I'm having difficulty understanding what a state should or should not do and how to architect a simple FSM properly.

I'm trying to make a simple turn based, board game system where Turn Start -> NPC Decides -> Player Decides -> Player Effect Resolution -> NPC Effect Resolution -> End of Turn (return to Turn Start)

I've looked at coroutines to decouple from the Update constantly polling, then to understanding async (which I believe I want to use Awaitable and understand that concept). I just don't know what the "right" way of implementing this system is.

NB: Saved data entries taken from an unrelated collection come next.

(* Let $(p(N))_{N\in\mathbb N}$ be any sequence in $(0,\frac12)$. Then $$\max_{N>k\ge2}\ \max_{\sigma_{k+1}(W)<n\le\sigma_k(W)}\big(\log_N k-\log_N W(n)\big)\to0\quad\text{in }\mathbb P_N^{p(N),-}\text{-probability as }N\to\infty.$$
   Context: Let $\mathbb W$ be the set of integer sequences $w=(w(0),w(1),\dots)$ with $w(n+1)-w(n)\in\{-1,1\}$. For $p\in(0,1)$ and $k\in\mathbb Z$, $\mathbb P_k^p$ is the law on $\mathbb W$ of the simple random walk $W$ with $W(0)=k$ stepping $+1$ with probability $p$ and $-1$ with probability $1-p$. $\tau_k(w):=\min\{n\in\mathbb N_0:w(n)=k\}$, $\tau_k^+(w):=\min\{n\in\mathbb N:w(n)=k\}$, and $\sigma_k(w):=\max\{n\in\mathbb N_0: w(n)=k,\ w(j)\ge1\text{ for all }j\in\{0,\dots,n-1\}\}$ (last visit of $k$ before hitting $0$). For $p<1/2$, $\mathbb P_N^{p,-}$ is $\mathbb P_N^p$ conditioned on $\{\tau_0<\tau_N^+\}$. $\log_N x=\log x/\log N$. *)

theory Defs
  imports "HOL-Probability.Probability"
begin

text \<open>Law P_k^p of the simple random walk on the path space W (sequences nat => int),
  realised as the image of i.i.d. Bernoulli(p) steps (True = +1, False = -1).\<close>
definition srw_law :: "real \<Rightarrow> int \<Rightarrow> (nat \<Rightarrow> int) measure" where
  "srw_law p k = distr (PiM UNIV (\<lambda>_. measure_pmf (bernoulli_pmf p)))
                       (PiM UNIV (\<lambda>_. count_space UNIV))
                       (\<lambda>\<omega> n. k + (\<Sum>i<n. if \<omega> i then 1 else -1))"

definition hit_time :: "int \<Rightarrow> (nat \<Rightarrow> int) \<Rightarrow> enat" where
  "hit_time k w = (if \<exists>n. w n = k then enat (LEAST n. w n = k) else \<infinity>)"

definition hit_time_pos :: "int \<Rightarrow> (nat \<Rightarrow> int) \<Rightarrow> enat" where
  "hit_time_pos k w = (if \<exists>n\<ge>1. w n = k then enat (LEAST n. 1 \<le> n \<and> w n = k) else \<infinity>)"

definition last_visit :: "int \<Rightarrow> (nat \<Rightarrow> int) \<Rightarrow> nat" where
  "last_visit k w = Max {n. w n = k \<and> (\<forall>j<n. w j \<ge> 1)}"

definition max_dev :: "nat \<Rightarrow> (nat \<Rightarrow> int) \<Rightarrow> real" where
  "max_dev N w = Max {log (real N) (real k) - log (real N) (real_of_int (w n)) | k n.
       2 \<le> k \<and> k < N \<and> last_visit (int k + 1) w < n \<and> n \<le> last_visit (int k) w}"

end

theory Submission
  imports Defs "HOL-Real_Asymp.Real_Asymp"
begin

(* Conditioned on reaching 0 before returning to N, the walk leaves k+1 for the last time by a step
   down to k and afterwards stays in (0, k].  So max_dev exceeds epsilon only if for some k the walk,
   after this final step, dips to J = ceil(k N^-epsilon) - 1 before its last visit of k.  Splitting at
   the last visit of k+1 (strong Markov property), such a dip costs, relative to the plain final
   descent from k+1, the product of two gambler's ruin probabilities of the walk with drift, and an
   AM-GM estimate in r = (1-p)/p > 1 bounds this product by J/(k+1-J)^2 <= 4 N^-epsilon / k
   uniformly in p.  Summing over k bounds the conditional probability by 4 N^-epsilon ln N. *)

section \<open>The walk on path space\<close>

abbreviation path_space :: "(nat \<Rightarrow> int) measure" where
  "path_space \<equiv> PiM UNIV (\<lambda>_. count_space UNIV)"

abbreviation coin_space :: "real \<Rightarrow> (nat \<Rightarrow> bool) measure" where
  "coin_space p \<equiv> PiM UNIV (\<lambda>_. measure_pmf (bernoulli_pmf p))"

definition walk :: "int \<Rightarrow> (nat \<Rightarrow> bool) \<Rightarrow> nat \<Rightarrow> int" where
  "walk k \<omega> n = k + (\<Sum>i<n. if \<omega> i then 1 else -1)"

lemma space_path_space [simp]: "space path_space = UNIV"
  by (auto simp: space_PiM)

lemma space_coin_space [simp]: "space (coin_space p) = UNIV"
  by (auto simp: space_PiM)

lemma measurable_walk: "walk k \<in> coin_space p \<rightarrow>\<^sub>M path_space"
proof (rule measurable_PiM_single')
  show "(\<lambda>\<omega>. walk k \<omega> n) \<in> coin_space p \<rightarrow>\<^sub>M count_space UNIV" for n
  proof (induction n)
    case 0
    then show ?case by (simp add: walk_def)
  next
    case (Suc n)
    have step: "(\<lambda>\<omega>. walk k \<omega> (Suc n)) = (\<lambda>\<omega>. walk k \<omega> n + (if \<omega> n then 1 else -1))"
      by (auto simp: walk_def)
    show ?case unfolding step using Suc by measurable
  qed
qed auto

lemma srw_law_eq_distr: "srw_law p k = distr (coin_space p) path_space (walk k)"
  unfolding srw_law_def walk_def[abs_def] ..

lemma prob_space_srw_law: "prob_space (srw_law p k)"
  unfolding srw_law_eq_distr
  by (intro prob_space.prob_space_distr prob_space_PiM measurable_walk prob_space_measure_pmf)

lemma finite_measure_srw_law: "finite_measure (srw_law p k)"
  using prob_space_srw_law by (simp add: prob_space_def)

lemma emeasure_srw_law_eq_measure: "emeasure (srw_law p k) A = ennreal (measure (srw_law p k) A)"
  by (rule finite_measure.emeasure_eq_measure[OF finite_measure_srw_law])

lemma sets_srw_law [simp, measurable_cong]: "sets (srw_law p k) = sets path_space"
  unfolding srw_law_eq_distr by simp

lemma space_srw_law [simp]: "space (srw_law p k) = UNIV"
  unfolding srw_law_eq_distr by simp

lemma emeasure_srw_law:
  "E \<in> sets path_space \<Longrightarrow> emeasure (srw_law p k) E = emeasure (coin_space p) (walk k -` E)"
  unfolding srw_law_eq_distr by (subst emeasure_distr) (auto intro: measurable_walk)

lemma measure_srw_law_cong_start:
  assumes "E1 \<in> sets path_space" "E2 \<in> sets path_space"
    and "\<And>w. w 0 = k \<Longrightarrow> w \<in> E1 \<longleftrightarrow> w \<in> E2"
  shows "measure (srw_law p k) E1 = measure (srw_law p k) E2"
proof -
  have "walk k -` E1 = walk k -` E2"
    using assms(3) by (auto simp: walk_def)
  then show ?thesis
    using emeasure_srw_law[OF assms(1)] emeasure_srw_law[OF assms(2)] by (simp add: measure_def)
qed

lemma measure_srw_law_null_start:
  assumes "E \<in> sets path_space" "\<And>w. w 0 = k \<Longrightarrow> w \<notin> E"
  shows "measure (srw_law p k) E = 0"
  using measure_srw_law_cong_start[of E "{}" k p] assms by simp

lemma measure_srw_law_full_start:
  assumes "E \<in> sets path_space" "\<And>w. w 0 = k \<Longrightarrow> w \<in> E"
  shows "measure (srw_law p k) E = 1"
  using measure_srw_law_cong_start[of E UNIV k p] assms sets.top[of path_space] prob_space.prob_space[OF prob_space_srw_law] by simp

lemma walk_case_nat: "walk k (case_nat b \<omega>) = case_nat k (walk (k + (if b then 1 else -1)) \<omega>)"
proof
  show "walk k (case_nat b \<omega>) n = case_nat k (walk (k + (if b then 1 else -1)) \<omega>) n" for n
  proof (cases n)
    case (Suc m)
    have "walk k (case_nat b \<omega>) (Suc m) = k + ((if b then 1 else -1) + (\<Sum>i<m. if \<omega> i then 1 else -1))"
      unfolding walk_def by (subst sum.lessThan_Suc_shift) simp
    then show ?thesis using Suc by (simp add: walk_def)
  qed (simp add: walk_def)
qed

lemma measurable_case_nat_path [measurable]: "case_nat (k::int) \<in> path_space \<rightarrow>\<^sub>M path_space"
  by (rule measurable_PiM_single') (auto split: nat.split)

Like having an enum in a game manager of all these states is supposedly bad, and a state class is NOT supposed to interact with another state so I don't know how to transition enter/exit or interact with other states without falling back onto an enum in a manager class (which seems redundant). I don't get how a state machine should work independent from what a manger class would do either. If states aren't supposed to interact with each other, how do I specify enter/exit conditions without the enum/manager?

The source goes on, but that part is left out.